A quarta hipótese não tem nada, que eu saiba, que a sustente ou desminta: é apenas uma possibilidade.

A quinta tem contra ele o ser um pouco rebuscada, mas em política nunca se sabe.

A sexta tem contra ela a dificuldade de imaginar uma razão pela qual a Direcção da Prisa quisesse tramar Sócrates ou o PS; é mais plausível, para quem tem, como eu, informação insuficiente, que o quisesse ajudar.

Contra a sétima milita o facto de não sabermos que vias teria a oposição ao seu dispor para pressionar a direcção da TVI; a favor dela milita a resposta que parece mais óbvia à pergunta quid bonum.

Considerar uma hipótese mais provável do que as outras seis pode ser resultado duma intuição ou de um parti pris; mas isto é bom para cada um se convencer a si mesmo, não para convencer mais ninguém.

Certo, certo é que nenhum dos intervenientes, ou hipotéticos intervenientes, nesta lamentável história é flor que se cheire. É um daqueles casos em que nem mesmo os inocentes merecem a comiseração ou o apoio do cidadão comum. Fosse diferente a correlação de forças, ou a circunstância, ou a oportunidade - a vítima e o criminoso, quaisquer que eles sejam, facilmente trocariam de lugar.

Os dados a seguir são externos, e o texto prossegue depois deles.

lemma row_matching_finite: "row_matching G L J f \<Longrightarrow> finite J"
  unfolding row_matching_def using finite_subset by blast

lemma card_le_mcm:
  assumes "finite L" and "row_matching G L J f"
  shows "card J \<le> mcm G L"
proof -
  define M where "M = (\<lambda>j. (j, f j)) ` J"
  have "card M = card J"
    unfolding M_def by (rule card_image) (auto intro: inj_onI)
  moreover have "M \<subseteq> one_entries G L"
    using assms(2) unfolding M_def row_matching_def one_entries_def by auto
  moreover have "inj_on fst M"
    unfolding M_def by (auto intro: inj_onI)
  moreover have "inj_on snd M"
    using assms(2) unfolding M_def row_matching_def by (intro inj_on_imageI) (simp add: comp_def)
  ultimately have "card J \<in> {card M | M. M \<subseteq> one_entries G L \<and> inj_on fst M \<and> inj_on snd M}"
    by (intro CollectI exI[of _ M]) simp
  then show ?thesis
    unfolding mcm_eq_Max using finite_mcm_candidates[OF assms(1)] by (rule Max_ge[rotated])
qed

lemma ex_row_matching_card_mcm:
  assumes "finite L"
  shows "\<exists>J f. row_matching G L J f \<and> card J = mcm G L"
proof -
  have "card {} \<in> {card M | M. M \<subseteq> one_entries G L \<and> inj_on fst M \<and> inj_on snd M}"
    by (intro CollectI exI[of _ "{}"]) simp
  then have "mcm G L \<in> {card M | M. M \<subseteq> one_entries G L \<and> inj_on fst M \<and> inj_on snd M}"
    unfolding mcm_eq_Max using finite_mcm_candidates[OF assms] by (intro Max_in) auto
  then obtain M where M: "M \<subseteq> one_entries G L" "inj_on fst M" "inj_on snd M" "card M = mcm G L"
    unfolding mem_Collect_eq by (elim exE conjE) simp
  define f where "f j = snd (the_inv_into M fst j)" for j
  have entry: "(j, f j) \<in> M" if "j \<in> fst ` M" for j
  proof -
    have "the_inv_into M fst j \<in> M" "fst (the_inv_into M fst j) = j"
      using M(2) that by (auto intro: the_inv_into_into f_the_inv_into_f)
    then show ?thesis
      unfolding f_def by (metis prod.collapse)
  qed
  have "row_matching G L (fst ` M) f"
    unfolding row_matching_def
  proof (intro conjI ballI)
    show "fst ` M \<subseteq> {1..length G}"
      using M(1) unfolding one_entries_def by auto
    show "inj_on f (fst ` M)"
    proof (rule inj_onI)
      fix j j' assume "j \<in> fst ` M" "j' \<in> fst ` M" "f j = f j'"
      then show "j = j'"
        using inj_onD[OF M(3), of "(j, f j)" "(j', f j')"] entry[of j] entry[of j'] by simp
    qed
    show "f j \<in> L \<inter> G ! (j - 1)" if "j \<in> fst ` M" for j
      using entry[OF that] M(1) unfolding one_entries_def by auto
  qed
  moreover have "card (fst ` M) = mcm G L"
    using M(2,4) by (simp add: card_image)
  ultimately show ?thesis
    by blast
qed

quarta-feira, 2 de setembro de 2009

Eu sou professor, e o Carlos Santos não me convence a votar PS

Há muito que o Carlos Santos e eu concordámos em discordar, se não quanto a princípios éticos e políticos que em grande parte partilhamos, certamente quanto à expressão partidária desses princípios.

Em relação a este post, são vários os reparos que tenho a fazer.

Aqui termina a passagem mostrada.